I have that $$AB = \begin{bmatrix} -1 & 0 \\ 0 & 1 \end{bmatrix}$$ and I am asked to find $BA$. We know that $A$ and $B$ are $2\times 2$ matrices with real number entries.

Please could I ask how people might approach this problem?

So far, I have that the solutions are given by $A^{-1}B^{-1}$. We can establish from the initial information that $A$ and $B$ are both invertible. Is there a way of showing that this set of solutions is finite or infinite?

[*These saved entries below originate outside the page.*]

(* Let x = (x0, x1, x2) be the middle column of g and e = (1, 1, -1). Since
   g^-1 = I g^* I with I = I_{2,1}, conjugating diag(1, q, 1) by g gives a matrix whose trace is
   e0 x0 q x0^* + e1 x1 q x1^* + e2 x2 q x2^* up to a real number. If it were real for
   q = i, j, k, the nine resulting linear conditions together with the column identity
   |x0|^2 + |x1|^2 - |x2|^2 = 1 would force v0 v0^T + v1 v1^T = I/4 + v2 v2^T for the
   coordinate vectors vi in R^4 of the xi. The left side has rank at most two, the right side
   is positive definite; their determinants tell them apart. *)

lemma quat_component_simps [simp]:
  "qre 0 = 0" "qi 0 = 0" "qj 0 = 0" "qk 0 = 0"
  "qre 1 = 1" "qi 1 = 0" "qj 1 = 0" "qk 1 = 0"
  "qre (x + y) = qre x + qre y" "qi (x + y) = qi x + qi y" "qj (x + y) = qj x + qj y" "qk (x + y) = qk x + qk y"
  "qre (x - y) = qre x - qre y" "qi (x - y) = qi x - qi y" "qj (x - y) = qj x - qj y" "qk (x - y) = qk x - qk y"
  "qre (- x) = - qre x" "qi (- x) = - qi x" "qj (- x) = - qj x" "qk (- x) = - qk x"
  "qre (x * y) = qre x * qre y - qi x * qi y - qj x * qj y - qk x * qk y"
  "qi (x * y) = qre x * qi y + qi x * qre y + qj x * qk y - qk x * qj y"
  "qj (x * y) = qre x * qj y - qi x * qk y + qj x * qre y + qk x * qi y"
  "qk (x * y) = qre x * qk y + qi x * qj y - qj x * qi y + qk x * qre y"
  "qre (qcnj x) = qre x" "qi (qcnj x) = - qi x" "qj (qcnj x) = - qj x" "qk (qcnj x) = - qk x"
  by (simp_all add: zero_quat_def one_quat_def plus_quat_def minus_quat_def uminus_quat_def
      times_quat_def qcnj_def)

lemma range_quat_of_real_iff: "z \<in> range quat_of_real \<longleftrightarrow> qi z = 0 \<and> qj z = 0 \<and> qk z = 0"
proof
  assume "qi z = 0 \<and> qj z = 0 \<and> qk z = 0"
  then have "z = quat_of_real (qre z)" by (simp add: quat_of_real_def quat_eq_iff)
  then show "z \<in> range quat_of_real" by blast
qed (auto simp: quat_of_real_def)

lemma qcnj_one [simp]: "qcnj 1 = 1"
  by (simp add: quat_eq_iff)

lemma qcnj_mult_self_commute: "qcnj q * q = q * qcnj q"
  by (simp add: quat_eq_iff algebra_simps)

definition lorentz_sandwich :: "quat \<Rightarrow> quat \<Rightarrow> quat \<Rightarrow> quat \<Rightarrow> quat" where
  "lorentz_sandwich x0 x1 x2 q = x0 * q * qcnj x0 + x1 * q * qcnj x1 - x2 * q * qcnj x2"

lemma lorentz_sandwich_one_real: "lorentz_sandwich x0 x1 x2 1 \<in> range quat_of_real"
  by (simp add: range_quat_of_real_iff lorentz_sandwich_def algebra_simps)

definition qcoord :: "quat \<Rightarrow> nat \<Rightarrow> real" where
  "qcoord x r = (if r = 0 then qre x else if r = 1 then qi x else if r = 2 then qj x else qk x)"

lemma lorentz_sandwich_gram:
  assumes "qre (lorentz_sandwich x0 x1 x2 1) = 1"
    and "\<And>q. q \<in> {Quat 0 1 0 0, Quat 0 0 1 0, Quat 0 0 0 1} \<Longrightarrow>
           lorentz_sandwich x0 x1 x2 q \<in> range quat_of_real"
    and "r < 4" "s < 4"
  shows "qcoord x0 r * qcoord x0 s + qcoord x1 r * qcoord x1 s - qcoord x2 r * qcoord x2 s
         = (if r = s then 1/4 else 0)"
proof -
  have eqs: "qi (lorentz_sandwich x0 x1 x2 q) = 0" "qj (lorentz_sandwich x0 x1 x2 q) = 0"
      "qk (lorentz_sandwich x0 x1 x2 q) = 0"
    if "q \<in> {Quat 0 1 0 0, Quat 0 0 1 0, Quat 0 0 0 1}" for q
    using assms(2)[OF that] by (simp_all add: range_quat_of_real_iff)
  note E = assms(1) eqs[of "Quat 0 1 0 0"] eqs[of "Quat 0 0 1 0"] eqs[of "Quat 0 0 0 1"]
  have "r = 0 \<or> r = 1 \<or> r = 2 \<or> r = 3" "s = 0 \<or> s = 1 \<or> s = 2 \<or> s = 3"
    using assms(3,4) by auto
  then show ?thesis
    using E by (elim disjE) (simp add: lorentz_sandwich_def qcoord_def algebra_simps; linarith)+
qed

definition det3 :: "real \<Rightarrow> real \<Rightarrow> real \<Rightarrow> real \<Rightarrow> real \<Rightarrow> real \<Rightarrow> real \<Rightarrow> real \<Rightarrow> real \<Rightarrow> real" where
  "det3 a b c d e f g h i = a * (e * i - f * h) - b * (d * i - f * g) + c * (d * h - e * g)"

definition det4 :: "(nat \<Rightarrow> nat \<Rightarrow> real) \<Rightarrow> real" where
  "det4 M =
       M 0 0 * det3 (M 1 1) (M 1 2) (M 1 3) (M 2 1) (M 2 2) (M 2 3) (M 3 1) (M 3 2) (M 3 3)
     - M 0 1 * det3 (M 1 0) (M 1 2) (M 1 3) (M 2 0) (M 2 2) (M 2 3) (M 3 0) (M 3 2) (M 3 3)
     + M 0 2 * det3 (M 1 0) (M 1 1) (M 1 3) (M 2 0) (M 2 1) (M 2 3) (M 3 0) (M 3 1) (M 3 3)
     - M 0 3 * det3 (M 1 0) (M 1 1) (M 1 2) (M 2 0) (M 2 1) (M 2 2) (M 3 0) (M 3 1) (M 3 2)"

lemma det4_cong: "(\<And>r s. r < 4 \<Longrightarrow> s < 4 \<Longrightarrow> M r s = N r s) \<Longrightarrow> det4 M = det4 N"
  unfolding det4_def by simp

lemma det4_rank_two: "det4 (\<lambda>r s. x r * x s + y r * y s) = 0"
  unfolding det4_def det3_def by (simp add: algebra_simps)

lemma det4_scalar_plus_rank_one:
  "det4 (\<lambda>r s. (if r = s then c else 0) + u r * u s)
   = c ^ 3 * (c + ((u 0)\<^sup>2 + (u 1)\<^sup>2 + (u 2)\<^sup>2 + (u 3)\<^sup>2))"
  unfolding det4_def det3_def by (simp add: power2_eq_square power3_eq_cube; algebra)

lemma rank_two_ne_scalar_plus_rank_one:
  fixes x y u :: "nat \<Rightarrow> real"
  assumes "c > 0"
  shows "\<exists>r < 4. \<exists>s < 4. x r * x s + y r * y s - u r * u s \<noteq> (if r = s then c else 0)"
proof (rule ccontr)
  assume "\<not> ?thesis"
  then have "det4 (\<lambda>r s. x r * x s + y r * y s) = det4 (\<lambda>r s. (if r = s then c else 0) + u r * u s)"
    by (intro det4_cong) (auto simp: algebra_simps)
  moreover have "c + ((u 0)\<^sup>2 + (u 1)\<^sup>2 + (u 2)\<^sup>2 + (u 3)\<^sup>2) > 0"
    using assms by (simp add: add_pos_nonneg)
  ultimately show False
    unfolding det4_rank_two det4_scalar_plus_rank_one using assms by simp
qed

lemma lorentz_sandwich_nonreal:
  assumes "qre (lorentz_sandwich x0 x1 x2 1) = 1"
  shows "\<exists>q \<in> {Quat 0 1 0 0, Quat 0 0 1 0, Quat 0 0 0 1}.
           lorentz_sandwich x0 x1 x2 q \<notin> range quat_of_real"
proof (rule ccontr)
  assume "\<not> ?thesis"
  then have "qcoord x0 r * qcoord x0 s + qcoord x1 r * qcoord x1 s - qcoord x2 r * qcoord x2 s
             = (if r = s then 1/4 else 0)" if "r < 4" "s < 4" for r s
    using lorentz_sandwich_gram[OF assms _ that] by blast
  with rank_two_ne_scalar_plus_rank_one[of "1/4" "qcoord x0" "qcoord x1" "qcoord x2"]
  show False by auto
qed

lemma sum_lessThan_3: "(\<Sum>i<3. f i) = f 0 + f 1 + f (2::nat)"
  by (simp add: eval_nat_numeral)

lemma qmat_mult_assoc:
  "qmat_mult m (qmat_mult m A B) C = qmat_mult m A (qmat_mult m B C)"
  unfolding qmat_mult_def
  by (auto intro!: ext simp: sum_distrib_left sum_distrib_right mult.assoc intro: sum.swap)

lemma qmat_mult_id_left: "A \<in> qmats m \<Longrightarrow> qmat_mult m (qmat_id m) A = A"
  unfolding qmat_mult_def qmat_id_def qmats_def
  by (auto intro!: ext simp: if_distrib[of "\<lambda>x. x * _"] cong: if_cong)

lemma qmat_mult_id_right: "A \<in> qmats m \<Longrightarrow> qmat_mult m A (qmat_id m) = A"
  unfolding qmat_mult_def qmat_id_def qmats_def
  by (auto intro!: ext simp: if_distrib[of "\<lambda>x. _ * x"] cong: if_cong)

lemma qmat_mult_qmats: "qmat_mult m A B \<in> qmats m"
  unfolding qmat_mult_def qmats_def by auto

lemma qmat_inv_eqI:
  assumes "A \<in> qGL m" "L \<in> qmats m" "qmat_mult m L A = qmat_id m"
  shows "qmat_inv m A = L"
proof -
  have "\<exists>B. B \<in> qmats m \<and> qmat_mult m A B = qmat_id m \<and> qmat_mult m B A = qmat_id m"
    using assms(1) unfolding qGL_def by blast
  then have inv: "qmat_inv m A \<in> qmats m" "qmat_mult m A (qmat_inv m A) = qmat_id m"
    unfolding qmat_inv_def by (metis (mono_tags, lifting) someI_ex)+
  have "qmat_inv m A = qmat_mult m (qmat_mult m L A) (qmat_inv m A)"
    using inv(1) assms(3) by (simp add: qmat_mult_id_left)
  also have "\<dots> = L"
    using inv(2) assms(2) by (simp add: qmat_mult_assoc qmat_mult_id_right)
  finally show ?thesis .
qed

definition qmat_diag :: "nat \<Rightarrow> (nat \<Rightarrow> quat) \<Rightarrow> qmatrix" where
  "qmat_diag m d = (\<lambda>i j. if i < m \<and> i = j then d i else 0)"

lemma qmat_diag_qmats: "qmat_diag m d \<in> qmats m"
  unfolding qmat_diag_def qmats_def by auto

lemma qmat_diag_mult: "qmat_mult m (qmat_diag m d) (qmat_diag m e) = qmat_diag m (\<lambda>i. d i * e i)"
  unfolding qmat_mult_def qmat_diag_def
  by (auto intro!: ext simp: if_distrib[of "\<lambda>x. x * _"] cong: if_cong)

lemma qmat_ct_diag: "qmat_ct (qmat_diag m d) = qmat_diag m (\<lambda>i. qcnj (d i))"
  unfolding qmat_ct_def qmat_diag_def by (auto intro!: ext simp: quat_eq_iff)

lemma qmat_id_diag: "qmat_id m = qmat_diag m (\<lambda>_. 1)"
  unfolding qmat_id_def qmat_diag_def by auto

lemma I_n1_diag: "I_n1 n = qmat_diag (n + 1) (\<lambda>i. if i < n then 1 else - 1)"
  unfolding I_n1_def qmat_diag_def by (auto intro!: ext)

lemma qmat_diag_cong: "(\<And>i. i < m \<Longrightarrow> d i = e i) \<Longrightarrow> qmat_diag m d = qmat_diag m e"
  unfolding qmat_diag_def by (auto intro!: ext)

lemma qmat_diag_unit_Sp_n1:
  assumes "\<And>i. i \<le> n \<Longrightarrow> qcnj (d i) * d i = 1"
  shows "qmat_diag (n + 1) d \<in> Sp_n1 n"
proof -
  let ?D = "qmat_diag (n + 1)"
  have "qmat_mult (n + 1) (?D d) (?D (\<lambda>i. qcnj (d i))) = qmat_id (n + 1)"
    unfolding qmat_diag_mult qmat_id_diag
    using assms by (auto simp: qcnj_mult_self_commute intro!: qmat_diag_cong)
  moreover have "qmat_mult (n + 1) (?D (\<lambda>i. qcnj (d i))) (?D d) = qmat_id (n + 1)"
    unfolding qmat_diag_mult qmat_id_diag using assms by (auto intro!: qmat_diag_cong)
  moreover have "qmat_mult (n + 1) (qmat_ct (?D d)) (qmat_mult (n + 1) (I_n1 n) (?D d)) = I_n1 n"
    unfolding I_n1_diag qmat_ct_diag qmat_diag_mult using assms by (auto intro!: qmat_diag_cong)
  ultimately show ?thesis
    unfolding Sp_n1_def qGL_def using qmat_diag_qmats by blast
qed

lemma Sp_n1_inv:
  assumes "g \<in> Sp_n1 n"
  shows "qmat_inv (n + 1) g = qmat_mult (n + 1) (I_n1 n) (qmat_mult (n + 1) (qmat_ct g) (I_n1 n))"
proof (rule qmat_inv_eqI)
  have "qmat_mult (n + 1) (I_n1 n) (I_n1 n) = qmat_id (n + 1)"
    by (auto simp: I_n1_diag qmat_diag_mult qmat_id_diag intro!: arg_cong[where f = "qmat_diag _"])
  with assms show "qmat_mult (n + 1)
      (qmat_mult (n + 1) (I_n1 n) (qmat_mult (n + 1) (qmat_ct g) (I_n1 n))) g = qmat_id (n + 1)"
    unfolding Sp_n1_def by (simp add: qmat_mult_assoc)
qed (use assms in \<open>auto simp: Sp_n1_def qmat_mult_qmats\<close>)

lemma qmat_diag_middle_one_plus_Sp11:
  assumes "qcnj q * q = 1"
  shows "qmat_diag 3 (\<lambda>i. if i = 1 then q else 1) \<in> one_plus_Sp11"
proof -
  have "qmat_diag (1 + 1) (\<lambda>i. if i = 0 then q else 1) \<in> Sp_n1 1"
    using assms by (intro qmat_diag_unit_Sp_n1) simp
  then show ?thesis
    unfolding one_plus_Sp11_def by (auto simp: qmat_diag_def intro!: exI ext)
qed

lemma qtrace_Sp21_conj_diag:
  assumes "g \<in> Sp_n1 2"
  shows "qtrace 3
           (qmat_mult 3 (qmat_mult 3 g (qmat_diag 3 (\<lambda>i. if i = 1 then q else 1))) (qmat_inv 3 g))
       = lorentz_sandwich (g 0 0) (g 1 0) (g 2 0) 1 + lorentz_sandwich (g 0 1) (g 1 1) (g 2 1) q
         - lorentz_sandwich (g 0 2) (g 1 2) (g 2 2) 1"
proof -
  have "qmat_inv 3 g = qmat_mult 3 (I_n1 2) (qmat_mult 3 (qmat_ct g) (I_n1 2))"
    using Sp_n1_inv[OF assms] by simp
  then show ?thesis
    by (simp add: qtrace_def qmat_mult_def qmat_diag_def qmat_ct_def I_n1_def lorentz_sandwich_def
        sum_lessThan_3 algebra_simps)
qed
(* Let $n\ge1$ be even and let $\mathcal{D}_{S_1},\mathcal{D}_{S_2}\subseteq\mathcal{D}_{[n]}\setminus\{n\}$ be such that $\mathrm{ICG}(n,\mathcal{D}_{S_1})$ and $\mathrm{ICG}(n,\mathcal{D}_{S_2})$ are isospectral. Then (a) $\sum_{d\in\mathcal{D}_{S_1},\ d\text{ odd}}\phi(n/d)=\sum_{d\in\mathcal{D}_{S_2},\ d\text{ odd}}\phi(n/d)$, and (b) $\sum_{d\in\mathcal{D}_{S_1},\ d\text{ even}}\phi(n/d)=\sum_{d\in\mathcal{D}_{S_2},\ d\text{ even}}\phi(n/d)$.
   Context: Identify $\mathbb{Z}_n$ with $[n]=\{1,\dots,n\}$. For a divisor $d$ of $n$, $G_n(d)=\{j\in[n]:\gcd(j,n)=d\}$; $\mathcal{D}_{[n]}$ is the set of positive divisors of $n$. For $\mathcal{D}\subseteq\mathcal{D}_{[n]}\setminus\{n\}$, $\mathrm{ICG}(n,\mathcal{D})=\mathrm{Cay}(\mathbb{Z}_n,S)$ with $S=\bigcup_{d\in\mathcal{D}}G_n(d)$, and $\mathcal{D}=\mathcal{D}_S$. $\phi$ is Euler's totient function. Isospectral means having the same multiset of adjacency eigenvalues. *)

theory Defs
  imports "HOL-Number_Theory.Number_Theory" "Jordan_Normal_Form.Char_Poly"
begin

text \<open>Z_n is identified with [n] = {1..n}; G_n(d) = {j in [n]. gcd j n = d}.\<close>
definition G :: "nat \<Rightarrow> nat \<Rightarrow> nat set" where
  "G n d = {j \<in> {1..n}. gcd j n = d}"
lemma phi_after_X_arc:
  fixes \<psi> p :: "real \<Rightarrow> real^3"
  assumes "0 < sin \<gamma>" and arc: "bang_arc (Xm \<gamma>) u (u + pi / sin \<gamma>) \<psi> p"
    and start: "phi \<gamma> \<psi> p u = (x, y, z)"
  shows "phi \<gamma> \<psi> p (u + pi / sin \<gamma>) = (- x, - y, z - 2 * (sin \<gamma>)^2 * x)"
proof -
  define v where "v = u + pi / sin \<gamma>"
  define g where "g F = (\<lambda>t. p t \<bullet> (F *v \<psi> t))" for F
  have phi_g: "phi \<gamma> \<psi> p t = (g (F1 \<gamma>) t, g (F2 \<gamma>) t, g (F3 \<gamma>) t)" for t
    by (simp add: phi_def g_def)
  obtain K where "finite K" and dg: "\<And>F t. t \<in> {u..v} - K \<Longrightarrow>
      (g F has_real_derivative p t \<bullet> (lie F (Xm \<gamma>) *v \<psi> t)) (at t within {u..v})"
    using bang_arc_pairing_derivative[OF arc] unfolding g_def v_def by blast
  have cont: "continuous_on {u..v} (g F)" for F
    unfolding g_def v_def by (rule bang_arc_pairing_continuous[OF arc])
  have deriv: "(g (F1 \<gamma>) has_real_derivative g (F2 \<gamma>) t) (at t within {u..v}) \<and>
      (g (F2 \<gamma>) has_real_derivative - ((sin \<gamma>)^2 * g (F1 \<gamma>) t)) (at t within {u..v}) \<and>
      (g (F3 \<gamma>) has_real_derivative (sin \<gamma>)^2 * g (F2 \<gamma>) t) (at t within {u..v})"
    if "t \<in> {u..v} - K" for t
    using dg[OF that, of "F1 \<gamma>"] dg[OF that, of "F2 \<gamma>"] dg[OF that, of "F3 \<gamma>"]
    by (simp add: g_def lie_F1_Xm lie_F2_Xm lie_F3_Xm matrix_vector_mult_uminus_left
        scaleR_matrix_vector_assoc[symmetric])
  have start_g: "g (F1 \<gamma>) u = x" "g (F2 \<gamma>) u = y" "g (F3 \<gamma>) u = z"
    using start phi_g[of u] by simp_all
  note half_period = harmonic_half_period[OF \<open>0 < sin \<gamma>\<close> v_def \<open>finite K\<close> cont cont cont deriv]
  show ?thesis
    using start_g half_period unfolding v_def[symmetric] phi_g by (simp add: algebra_simps)
qed

lemma Xm_neq_Ym:
  assumes "0 < \<gamma>" "\<gamma> < pi / 2"
  shows "Xm \<gamma> \<noteq> Ym"
proof
  assume "Xm \<gamma> = Ym"
  then have "Xm \<gamma> $ 1 $ 3 = Ym $ 1 $ 3" by simp
  then have "sin \<gamma> * cos \<gamma> = 0" by (simp add: Xm_def Ym_def)
  moreover have "sin \<gamma> > 0" "cos \<gamma> > 0"
    using assms by (simp_all add: sin_gt_zero cos_gt_zero)
  ultimately show False by simp
qed

lemma switching_time_between_arcs:
  assumes "u < t" "t < w" "0 < t" "t < T"
    and "\<forall>s\<in>{u<..<t}. A s = M1" "\<forall>s\<in>{t<..<w}. A s = M2" "M1 \<noteq> M2"
  shows "switching_time T A t"
  unfolding switching_time_def
proof (intro conjI allI impI)
  fix e :: real
  assume "e > 0"
  define s1 where "s1 = max (t - e / 2) ((u + t) / 2)"
  define s2 where "s2 = min (t + e / 2) ((t + w) / 2)"
  have "s1 \<in> {u<..<t}" "s2 \<in> {t<..<w}"
    unfolding s1_def s2_def using assms(1,2) \<open>e > 0\<close> by (auto simp: less_max_iff_disj min_less_iff_disj)
  then have "A s1 \<noteq> A s2" using assms(5-7) by simp
  moreover have "t - e < s1" "t + e > s2"
    unfolding s1_def s2_def using \<open>e > 0\<close> by auto
  ultimately show "\<exists>s1 s2. t - e < s1 \<and> s1 < t \<and> t < s2 \<and> s2 < t + e \<and> A s1 \<noteq> A s2"
    using \<open>s1 \<in> {u<..<t}\<close> \<open>s2 \<in> {t<..<w}\<close> by auto
qed (use assms in auto)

I know that $A$ and $B$ are invertible since $\det(BA)=\det(A)\det(B)$ is non-zero. Credit goes to the poster who provided such an eloquent explanation to get my current level of understanding.

Answer 1

Let $AB=C$ with $C=\pmatrix{ -1 & 0 \cr 0 & 1 \cr}$. Since $0\neq \det(C)=\det(A)\det(B)$, both $A$ and $B$ are invertible. Conjugating $AB=C$ with $A$ yields $$ BA=A^{-1}(AB)A=A^{-1}CA. $$

Note that there are several choices for $A$ and $B$ with $AB=C$. For example, $A=I$, $B=C$, or $B=I$ and $A=C$. Another possibility is $$ A=\pmatrix{ 0 & 1 \cr 1 & 0 \cr},\quad B=\pmatrix{ 0 & 1 \cr -1 & 0 \cr}. $$

Answer 2

HINT: Take $A = \begin{pmatrix} a & b \\ c & d \\ \end{pmatrix}$ and $B = \begin{pmatrix} e & f \\ g & h \\ \end{pmatrix}$. Then by using the equation given, find some restrictions for the unknown variables $a,b,c,d,e,f,g,h$. After that, you can find $BA$ in terms of unknown variables and with the restrictions, you can generalize some of the results.

Answer 3

A trivial answer to this question is as follows:

Let us assume $A=I_2=\begin{bmatrix} 1 & 0 \\ 0 & 1 \end{bmatrix}$, then $B = \begin{bmatrix} -1 & 0 \\ 0 & 1 \end{bmatrix}$.

Which means $AB=BA= \begin{bmatrix} -1 & 0 \\ 0 & 1 \end{bmatrix}.$

I think there are multiple answers to this question and we need more information.

Also it is not mentioned anywhere that matrices $A$ and $B$ should have dimension $2\times 2$, which means we can have $A$ of dimension $m\times 2$ and $B$ of dimension $2\times n$ for $n\neq m$, which means we cannot find $BA$.

Answer 4

From $$AB = \begin{bmatrix} -1 & 0 \\ 0 & 1 \end{bmatrix}$$ follows $ABAB = I$ where $I$ is the identity matrix. Consequently

1. $A$ and $B$ are invertible,
2. $A(BA)B = I$, whence $BA = A^{-1}B^{-1}$.

Thus the answer is $BA = A^{-1}B^{-1}$. It is the unique solution and it does not require any further information.